* Task details:
All lines in the listing below from the one containing "proof (rule asymp_equivI'_const)" through the last should be written out exactly, and only those.

═══ Excerpted records ═══

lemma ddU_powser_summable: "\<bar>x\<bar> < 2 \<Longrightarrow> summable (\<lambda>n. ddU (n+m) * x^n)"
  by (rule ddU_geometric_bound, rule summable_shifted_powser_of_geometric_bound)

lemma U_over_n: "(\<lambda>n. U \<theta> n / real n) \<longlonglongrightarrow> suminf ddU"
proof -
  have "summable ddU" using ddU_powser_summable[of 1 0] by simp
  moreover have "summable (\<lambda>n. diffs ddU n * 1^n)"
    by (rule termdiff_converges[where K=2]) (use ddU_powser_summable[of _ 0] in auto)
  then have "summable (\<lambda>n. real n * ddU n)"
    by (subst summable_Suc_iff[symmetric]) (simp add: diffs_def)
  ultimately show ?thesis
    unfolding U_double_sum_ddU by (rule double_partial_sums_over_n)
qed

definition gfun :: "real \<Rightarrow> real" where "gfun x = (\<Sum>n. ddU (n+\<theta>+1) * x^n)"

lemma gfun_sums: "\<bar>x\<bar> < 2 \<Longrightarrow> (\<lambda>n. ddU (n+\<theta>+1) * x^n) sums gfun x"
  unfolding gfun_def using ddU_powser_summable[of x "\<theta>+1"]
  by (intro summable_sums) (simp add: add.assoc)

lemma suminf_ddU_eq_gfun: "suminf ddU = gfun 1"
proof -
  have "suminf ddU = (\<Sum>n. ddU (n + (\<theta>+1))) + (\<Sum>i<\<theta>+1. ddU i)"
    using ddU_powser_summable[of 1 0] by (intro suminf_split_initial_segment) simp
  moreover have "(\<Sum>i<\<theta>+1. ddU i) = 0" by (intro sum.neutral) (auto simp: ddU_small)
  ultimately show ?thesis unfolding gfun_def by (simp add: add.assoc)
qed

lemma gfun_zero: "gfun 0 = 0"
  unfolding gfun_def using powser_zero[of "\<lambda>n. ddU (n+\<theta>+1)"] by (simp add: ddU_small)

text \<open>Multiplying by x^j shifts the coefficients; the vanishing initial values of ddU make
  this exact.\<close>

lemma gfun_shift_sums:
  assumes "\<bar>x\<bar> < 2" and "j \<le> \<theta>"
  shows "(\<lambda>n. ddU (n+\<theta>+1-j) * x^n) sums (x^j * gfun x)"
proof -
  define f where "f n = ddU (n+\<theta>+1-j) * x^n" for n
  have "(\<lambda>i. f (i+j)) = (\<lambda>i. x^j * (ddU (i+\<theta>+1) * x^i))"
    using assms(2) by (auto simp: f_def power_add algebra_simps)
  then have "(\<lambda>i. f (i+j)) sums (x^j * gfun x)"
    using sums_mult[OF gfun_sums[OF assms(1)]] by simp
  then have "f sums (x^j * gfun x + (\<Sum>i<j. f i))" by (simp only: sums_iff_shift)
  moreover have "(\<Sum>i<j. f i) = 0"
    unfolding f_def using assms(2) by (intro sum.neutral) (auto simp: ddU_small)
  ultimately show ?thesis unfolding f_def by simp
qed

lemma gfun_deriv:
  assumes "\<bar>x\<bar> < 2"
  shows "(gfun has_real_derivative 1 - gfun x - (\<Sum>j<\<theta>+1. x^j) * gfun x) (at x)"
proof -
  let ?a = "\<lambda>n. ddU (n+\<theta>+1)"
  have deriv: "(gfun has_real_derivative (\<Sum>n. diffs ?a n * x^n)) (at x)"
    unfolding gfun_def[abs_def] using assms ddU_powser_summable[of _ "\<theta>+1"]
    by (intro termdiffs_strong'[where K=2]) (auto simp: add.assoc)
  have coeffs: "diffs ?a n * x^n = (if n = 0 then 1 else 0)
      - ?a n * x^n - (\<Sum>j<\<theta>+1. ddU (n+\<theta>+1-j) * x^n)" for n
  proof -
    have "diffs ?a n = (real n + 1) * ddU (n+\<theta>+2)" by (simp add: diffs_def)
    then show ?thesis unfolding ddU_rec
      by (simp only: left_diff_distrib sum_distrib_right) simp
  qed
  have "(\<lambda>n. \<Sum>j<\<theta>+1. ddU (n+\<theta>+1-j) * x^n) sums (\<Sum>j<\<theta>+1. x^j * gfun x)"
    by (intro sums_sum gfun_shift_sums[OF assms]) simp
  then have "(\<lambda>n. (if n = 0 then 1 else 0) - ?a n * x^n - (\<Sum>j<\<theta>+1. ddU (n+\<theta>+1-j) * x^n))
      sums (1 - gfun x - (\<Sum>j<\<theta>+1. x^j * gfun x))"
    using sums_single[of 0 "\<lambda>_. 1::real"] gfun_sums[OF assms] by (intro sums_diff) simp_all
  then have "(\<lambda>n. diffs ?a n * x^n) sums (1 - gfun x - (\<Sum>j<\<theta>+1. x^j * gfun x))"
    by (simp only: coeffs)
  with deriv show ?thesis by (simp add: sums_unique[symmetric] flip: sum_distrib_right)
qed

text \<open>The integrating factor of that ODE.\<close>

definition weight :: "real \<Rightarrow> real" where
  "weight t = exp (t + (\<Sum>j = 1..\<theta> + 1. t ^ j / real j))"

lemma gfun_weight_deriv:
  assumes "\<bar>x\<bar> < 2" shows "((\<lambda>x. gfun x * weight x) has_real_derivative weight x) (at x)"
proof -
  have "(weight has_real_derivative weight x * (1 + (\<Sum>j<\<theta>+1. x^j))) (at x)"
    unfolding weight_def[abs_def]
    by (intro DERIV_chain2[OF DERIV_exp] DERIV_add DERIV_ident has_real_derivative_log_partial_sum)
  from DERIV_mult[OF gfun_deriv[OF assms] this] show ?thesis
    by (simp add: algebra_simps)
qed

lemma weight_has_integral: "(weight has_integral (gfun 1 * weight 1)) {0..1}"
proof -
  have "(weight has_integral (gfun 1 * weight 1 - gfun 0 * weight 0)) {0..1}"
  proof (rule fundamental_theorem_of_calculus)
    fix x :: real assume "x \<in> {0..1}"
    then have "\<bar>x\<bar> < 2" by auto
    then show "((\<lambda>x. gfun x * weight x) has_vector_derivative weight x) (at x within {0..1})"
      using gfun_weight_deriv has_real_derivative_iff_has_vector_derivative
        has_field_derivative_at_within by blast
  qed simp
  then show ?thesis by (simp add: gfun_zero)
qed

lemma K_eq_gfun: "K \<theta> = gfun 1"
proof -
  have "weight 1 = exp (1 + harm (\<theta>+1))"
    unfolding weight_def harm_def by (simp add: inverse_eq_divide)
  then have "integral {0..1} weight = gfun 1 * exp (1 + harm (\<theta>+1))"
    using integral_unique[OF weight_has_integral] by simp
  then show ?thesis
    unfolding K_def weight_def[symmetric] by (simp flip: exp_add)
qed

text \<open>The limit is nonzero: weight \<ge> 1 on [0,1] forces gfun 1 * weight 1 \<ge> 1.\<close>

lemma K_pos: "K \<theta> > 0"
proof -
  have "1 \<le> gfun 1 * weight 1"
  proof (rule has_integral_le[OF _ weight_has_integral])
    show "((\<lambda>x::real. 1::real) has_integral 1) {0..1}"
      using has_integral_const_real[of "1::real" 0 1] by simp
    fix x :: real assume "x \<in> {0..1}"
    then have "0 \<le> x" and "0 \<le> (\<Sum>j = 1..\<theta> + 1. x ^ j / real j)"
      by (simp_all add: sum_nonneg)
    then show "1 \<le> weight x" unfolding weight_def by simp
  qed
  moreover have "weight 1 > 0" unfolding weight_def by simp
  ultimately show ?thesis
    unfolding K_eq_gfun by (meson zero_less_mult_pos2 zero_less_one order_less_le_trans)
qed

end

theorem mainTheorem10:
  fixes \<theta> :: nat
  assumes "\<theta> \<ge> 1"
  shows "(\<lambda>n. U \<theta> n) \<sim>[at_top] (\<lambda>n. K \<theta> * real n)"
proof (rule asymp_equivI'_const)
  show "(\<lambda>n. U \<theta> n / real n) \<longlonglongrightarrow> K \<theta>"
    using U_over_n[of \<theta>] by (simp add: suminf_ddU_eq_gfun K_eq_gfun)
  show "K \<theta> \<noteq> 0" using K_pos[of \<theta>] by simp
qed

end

═══

* Completed task:
proof (rule asymp_equivI'_const)
  show "(\<lambda>n. U \<theta> n / real n) \<longlonglongrightarrow> K \<theta>"
    using U_over_n[of \<theta>] by (simp add: suminf_ddU_eq_gfun K_eq_gfun)
  show "K \<theta> \<noteq> 0" using K_pos[of \<theta>] by simp
qed

end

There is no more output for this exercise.